[[ RECORDS SUPPLIED, beginning ]]

(* For the mechanism $\mathbb{M}_{\text{1-supply}}$ on a unit-supply two-sided market with XOS buyers, the expected sum of payments charged to the buyers equals $$\mathbb{E}\Big[\sum_{i\in[n]}\rho_i^B\Big]=\frac12\sum_{j\in L}p_j\,\Pr_{\mathbf v,Z}\big[j\notin\Lambda_{n+1}(\mathbf v,Z)\ \big|\ j\in Z\big].$$
   Context: Unit-supply two-sided market: buyers $[n]$, sellers $[k]$, seller $j$ owns only item $j$. Buyer valuations $v_i$ are monotone normalized XOS functions on $2^{[k]}$, drawn independently from public distributions $G_i$; seller values $w_j\ge0$ drawn independently from public distributions $F_j$. For XOS $v$ and $T\subseteq[k]$, $a(v,T,\cdot)$ is a fixed additive function with $a(v,T,T)=v(T)$, $a(v,T,S)\le v(S)$. $\mathbb{A}$ maps each buyer profile $\mathbf v$ to an allocation $X^{\mathbb A}(\mathbf v)$ of disjoint bundles to buyers. $\mathrm{SW}^B_j(\mathbf v)=a(v_i,X^{\mathbb A}_i(\mathbf v),\{j\})$ if $j\in X^{\mathbb A}_i(\mathbf v)$, else $0$. $L=\{j:\mathbb{E}[\mathrm{SW}^B_j(\mathbf v)]\ge4\mathbb{E}[w_j]\}$, $p_j=\frac12\mathbb{E}[\mathrm{SW}^B_j(\mathbf v)]$ for $j\in L$. $\mathbb{M}_{\text{1-supply}}$: for each $j\in L$, independently with probability $q_j=1/(2\Pr[w_j\le p_j])$ offer seller $j$ payment $p_j$; she accepts iff $w_j\le p_j$. $Z$ is the random set of items whose sellers received and accepted an offer; $\Lambda_1=Z$. Buyers $i=1,\dots,n$ in turn pick $B_i\subseteq\Lambda_i$ maximizing $v_i(B_i)-\sum_{j\in B_i}p_j$, receive it and pay $\rho_i^B=\sum_{j\in B_i}p_j$, and $\Lambda_{i+1}=\Lambda_i\setminus B_i$. $\Lambda_{n+1}(\mathbf v,Z)$ is the set of accepted items bought by no buyer. *)

theory Defs
  imports "HOL-Probability.Probability"
begin

(* Buyers are 0..n-1, items/sellers are 0..k-1.  A valuation is a function on item sets. *)
type_synonym valuation = "nat set \<Rightarrow> real"

definition xos :: "nat \<Rightarrow> valuation \<Rightarrow> bool" where
  "xos k v \<longleftrightarrow> (\<exists>A :: (nat \<Rightarrow> real) set. finite A \<and> A \<noteq> {} \<and>
      (\<forall>c\<in>A. \<forall>j<k. 0 \<le> c j) \<and>
      (\<forall>S\<subseteq>{..<k}. v S = Max ((\<lambda>c. \<Sum>j\<in>S. c j) ` A)))"

definition xos_valuation :: "nat \<Rightarrow> valuation \<Rightarrow> bool" where
  "xos_valuation k v \<longleftrightarrow> v {} = 0 \<and>
      (\<forall>S T. S \<subseteq> T \<and> T \<subseteq> {..<k} \<longrightarrow> v S \<le> v T) \<and> xos k v"

definition supporting_fn :: "nat \<Rightarrow> (valuation \<Rightarrow> nat set \<Rightarrow> nat set \<Rightarrow> real) \<Rightarrow> bool" where
  "supporting_fn k a \<longleftrightarrow> (\<forall>v T. xos_valuation k v \<and> T \<subseteq> {..<k} \<longrightarrow>
      (\<forall>S\<subseteq>{..<k}. a v T S = (\<Sum>j\<in>S. a v T {j})) \<and>
      (\<forall>j<k. 0 \<le> a v T {j}) \<and>
      a v T T = v T \<and>
      (\<forall>S\<subseteq>{..<k}. a v T S \<le> v S))"

definition allocation_rule :: "nat \<Rightarrow> nat \<Rightarrow> ((nat \<Rightarrow> valuation) \<Rightarrow> nat \<Rightarrow> nat set) \<Rightarrow> bool" where
  "allocation_rule n k X \<longleftrightarrow> (\<forall>vs. (\<forall>i<n. X vs i \<subseteq> {..<k}) \<and>
      (\<forall>i<n. \<forall>i'<n. i \<noteq> i' \<longrightarrow> X vs i \<inter> X vs i' = {}))"

definition SW_B :: "nat \<Rightarrow> ((nat \<Rightarrow> valuation) \<Rightarrow> nat \<Rightarrow> nat set)
    \<Rightarrow> (valuation \<Rightarrow> nat set \<Rightarrow> nat set \<Rightarrow> real) \<Rightarrow> nat \<Rightarrow> (nat \<Rightarrow> valuation) \<Rightarrow> real" where
  "SW_B n X a j vs = (\<Sum>i<n. if j \<in> X vs i then a (vs i) (X vs i) {j} else 0)"

definition ESW :: "nat \<Rightarrow> (nat \<Rightarrow> valuation measure) \<Rightarrow> ((nat \<Rightarrow> valuation) \<Rightarrow> nat \<Rightarrow> nat set)
    \<Rightarrow> (valuation \<Rightarrow> nat set \<Rightarrow> nat set \<Rightarrow> real) \<Rightarrow> nat \<Rightarrow> real" where
  "ESW n G X a j = (\<integral>vs. SW_B n X a j vs \<partial>(PiM {..<n} G))"

definition price :: "nat \<Rightarrow> (nat \<Rightarrow> valuation measure) \<Rightarrow> ((nat \<Rightarrow> valuation) \<Rightarrow> nat \<Rightarrow> nat set)
    \<Rightarrow> (valuation \<Rightarrow> nat set \<Rightarrow> nat set \<Rightarrow> real) \<Rightarrow> nat \<Rightarrow> real" where
  "price n G X a j = ESW n G X a j / 2"

definition Lset :: "nat \<Rightarrow> nat \<Rightarrow> (nat \<Rightarrow> valuation measure) \<Rightarrow> (nat \<Rightarrow> real measure)
    \<Rightarrow> ((nat \<Rightarrow> valuation) \<Rightarrow> nat \<Rightarrow> nat set)
    \<Rightarrow> (valuation \<Rightarrow> nat set \<Rightarrow> nat set \<Rightarrow> real) \<Rightarrow> nat set" where
  "Lset n k G F X a = {j\<in>{..<k}. ESW n G X a j \<ge> 4 * (\<integral>w. w \<partial>(F j))}"

definition qprob :: "nat \<Rightarrow> (nat \<Rightarrow> valuation measure) \<Rightarrow> (nat \<Rightarrow> real measure)
    \<Rightarrow> ((nat \<Rightarrow> valuation) \<Rightarrow> nat \<Rightarrow> nat set)
    \<Rightarrow> (valuation \<Rightarrow> nat set \<Rightarrow> nat set \<Rightarrow> real) \<Rightarrow> nat \<Rightarrow> real" where
  "qprob n G F X a j = 1 / (2 * measure (F j) {w\<in>space (F j). w \<le> price n G X a j})"

(* Z: items whose seller received (coin os j) and accepted (w_j \<le> p_j) an offer *)
definition acceptedZ :: "nat set \<Rightarrow> (nat \<Rightarrow> real) \<Rightarrow> (nat \<Rightarrow> real) \<Rightarrow> (nat \<Rightarrow> bool) \<Rightarrow> nat set" where
  "acceptedZ L p ws os = {j\<in>L. os j \<and> ws j \<le> p j}"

[[ RECORDS SUPPLIED, end ]]

- ACTIVITY:
Could you give the records again, exactly as they appear?

- REPLY:
(* For the mechanism $\mathbb{M}_{\text{1-supply}}$ on a unit-supply two-sided market with XOS buyers, the expected sum of payments charged to the buyers equals $$\mathbb{E}\Big[\sum_{i\in[n]}\rho_i^B\Big]=\frac12\sum_{j\in L}p_j\,\Pr_{\mathbf v,Z}\big[j\notin\Lambda_{n+1}(\mathbf v,Z)\ \big|\ j\in Z\big].$$
   Context: Unit-supply two-sided market: buyers $[n]$, sellers $[k]$, seller $j$ owns only item $j$. Buyer valuations $v_i$ are monotone normalized XOS functions on $2^{[k]}$, drawn independently from public distributions $G_i$; seller values $w_j\ge0$ drawn independently from public distributions $F_j$. For XOS $v$ and $T\subseteq[k]$, $a(v,T,\cdot)$ is a fixed additive function with $a(v,T,T)=v(T)$, $a(v,T,S)\le v(S)$. $\mathbb{A}$ maps each buyer profile $\mathbf v$ to an allocation $X^{\mathbb A}(\mathbf v)$ of disjoint bundles to buyers. $\mathrm{SW}^B_j(\mathbf v)=a(v_i,X^{\mathbb A}_i(\mathbf v),\{j\})$ if $j\in X^{\mathbb A}_i(\mathbf v)$, else $0$. $L=\{j:\mathbb{E}[\mathrm{SW}^B_j(\mathbf v)]\ge4\mathbb{E}[w_j]\}$, $p_j=\frac12\mathbb{E}[\mathrm{SW}^B_j(\mathbf v)]$ for $j\in L$. $\mathbb{M}_{\text{1-supply}}$: for each $j\in L$, independently with probability $q_j=1/(2\Pr[w_j\le p_j])$ offer seller $j$ payment $p_j$; she accepts iff $w_j\le p_j$. $Z$ is the random set of items whose sellers received and accepted an offer; $\Lambda_1=Z$. Buyers $i=1,\dots,n$ in turn pick $B_i\subseteq\Lambda_i$ maximizing $v_i(B_i)-\sum_{j\in B_i}p_j$, receive it and pay $\rho_i^B=\sum_{j\in B_i}p_j$, and $\Lambda_{i+1}=\Lambda_i\setminus B_i$. $\Lambda_{n+1}(\mathbf v,Z)$ is the set of accepted items bought by no buyer. *)

theory Defs
  imports "HOL-Probability.Probability"
begin

(* Buyers are 0..n-1, items/sellers are 0..k-1.  A valuation is a function on item sets. *)
type_synonym valuation = "nat set \<Rightarrow> real"

definition xos :: "nat \<Rightarrow> valuation \<Rightarrow> bool" where
  "xos k v \<longleftrightarrow> (\<exists>A :: (nat \<Rightarrow> real) set. finite A \<and> A \<noteq> {} \<and>
      (\<forall>c\<in>A. \<forall>j<k. 0 \<le> c j) \<and>
      (\<forall>S\<subseteq>{..<k}. v S = Max ((\<lambda>c. \<Sum>j\<in>S. c j) ` A)))"

definition xos_valuation :: "nat \<Rightarrow> valuation \<Rightarrow> bool" where
  "xos_valuation k v \<longleftrightarrow> v {} = 0 \<and>
      (\<forall>S T. S \<subseteq> T \<and> T \<subseteq> {..<k} \<longrightarrow> v S \<le> v T) \<and> xos k v"

definition supporting_fn :: "nat \<Rightarrow> (valuation \<Rightarrow> nat set \<Rightarrow> nat set \<Rightarrow> real) \<Rightarrow> bool" where
  "supporting_fn k a \<longleftrightarrow> (\<forall>v T. xos_valuation k v \<and> T \<subseteq> {..<k} \<longrightarrow>
      (\<forall>S\<subseteq>{..<k}. a v T S = (\<Sum>j\<in>S. a v T {j})) \<and>
      (\<forall>j<k. 0 \<le> a v T {j}) \<and>
      a v T T = v T \<and>
      (\<forall>S\<subseteq>{..<k}. a v T S \<le> v S))"

definition allocation_rule :: "nat \<Rightarrow> nat \<Rightarrow> ((nat \<Rightarrow> valuation) \<Rightarrow> nat \<Rightarrow> nat set) \<Rightarrow> bool" where
  "allocation_rule n k X \<longleftrightarrow> (\<forall>vs. (\<forall>i<n. X vs i \<subseteq> {..<k}) \<and>
      (\<forall>i<n. \<forall>i'<n. i \<noteq> i' \<longrightarrow> X vs i \<inter> X vs i' = {}))"

definition SW_B :: "nat \<Rightarrow> ((nat \<Rightarrow> valuation) \<Rightarrow> nat \<Rightarrow> nat set)
    \<Rightarrow> (valuation \<Rightarrow> nat set \<Rightarrow> nat set \<Rightarrow> real) \<Rightarrow> nat \<Rightarrow> (nat \<Rightarrow> valuation) \<Rightarrow> real" where
  "SW_B n X a j vs = (\<Sum>i<n. if j \<in> X vs i then a (vs i) (X vs i) {j} else 0)"

definition ESW :: "nat \<Rightarrow> (nat \<Rightarrow> valuation measure) \<Rightarrow> ((nat \<Rightarrow> valuation) \<Rightarrow> nat \<Rightarrow> nat set)
    \<Rightarrow> (valuation \<Rightarrow> nat set \<Rightarrow> nat set \<Rightarrow> real) \<Rightarrow> nat \<Rightarrow> real" where
  "ESW n G X a j = (\<integral>vs. SW_B n X a j vs \<partial>(PiM {..<n} G))"

definition price :: "nat \<Rightarrow> (nat \<Rightarrow> valuation measure) \<Rightarrow> ((nat \<Rightarrow> valuation) \<Rightarrow> nat \<Rightarrow> nat set)
    \<Rightarrow> (valuation \<Rightarrow> nat set \<Rightarrow> nat set \<Rightarrow> real) \<Rightarrow> nat \<Rightarrow> real" where
  "price n G X a j = ESW n G X a j / 2"

definition Lset :: "nat \<Rightarrow> nat \<Rightarrow> (nat \<Rightarrow> valuation measure) \<Rightarrow> (nat \<Rightarrow> real measure)
    \<Rightarrow> ((nat \<Rightarrow> valuation) \<Rightarrow> nat \<Rightarrow> nat set)
    \<Rightarrow> (valuation \<Rightarrow> nat set \<Rightarrow> nat set \<Rightarrow> real) \<Rightarrow> nat set" where
  "Lset n k G F X a = {j\<in>{..<k}. ESW n G X a j \<ge> 4 * (\<integral>w. w \<partial>(F j))}"

definition qprob :: "nat \<Rightarrow> (nat \<Rightarrow> valuation measure) \<Rightarrow> (nat \<Rightarrow> real measure)
    \<Rightarrow> ((nat \<Rightarrow> valuation) \<Rightarrow> nat \<Rightarrow> nat set)
    \<Rightarrow> (valuation \<Rightarrow> nat set \<Rightarrow> nat set \<Rightarrow> real) \<Rightarrow> nat \<Rightarrow> real" where
  "qprob n G F X a j = 1 / (2 * measure (F j) {w\<in>space (F j). w \<le> price n G X a j})"

(* Z: items whose seller received (coin os j) and accepted (w_j \<le> p_j) an offer *)
definition acceptedZ :: "nat set \<Rightarrow> (nat \<Rightarrow> real) \<Rightarrow> (nat \<Rightarrow> real) \<Rightarrow> (nat \<Rightarrow> bool) \<Rightarrow> nat set" where
  "acceptedZ L p ws os = {j\<in>L. os j \<and> ws j \<le> p j}"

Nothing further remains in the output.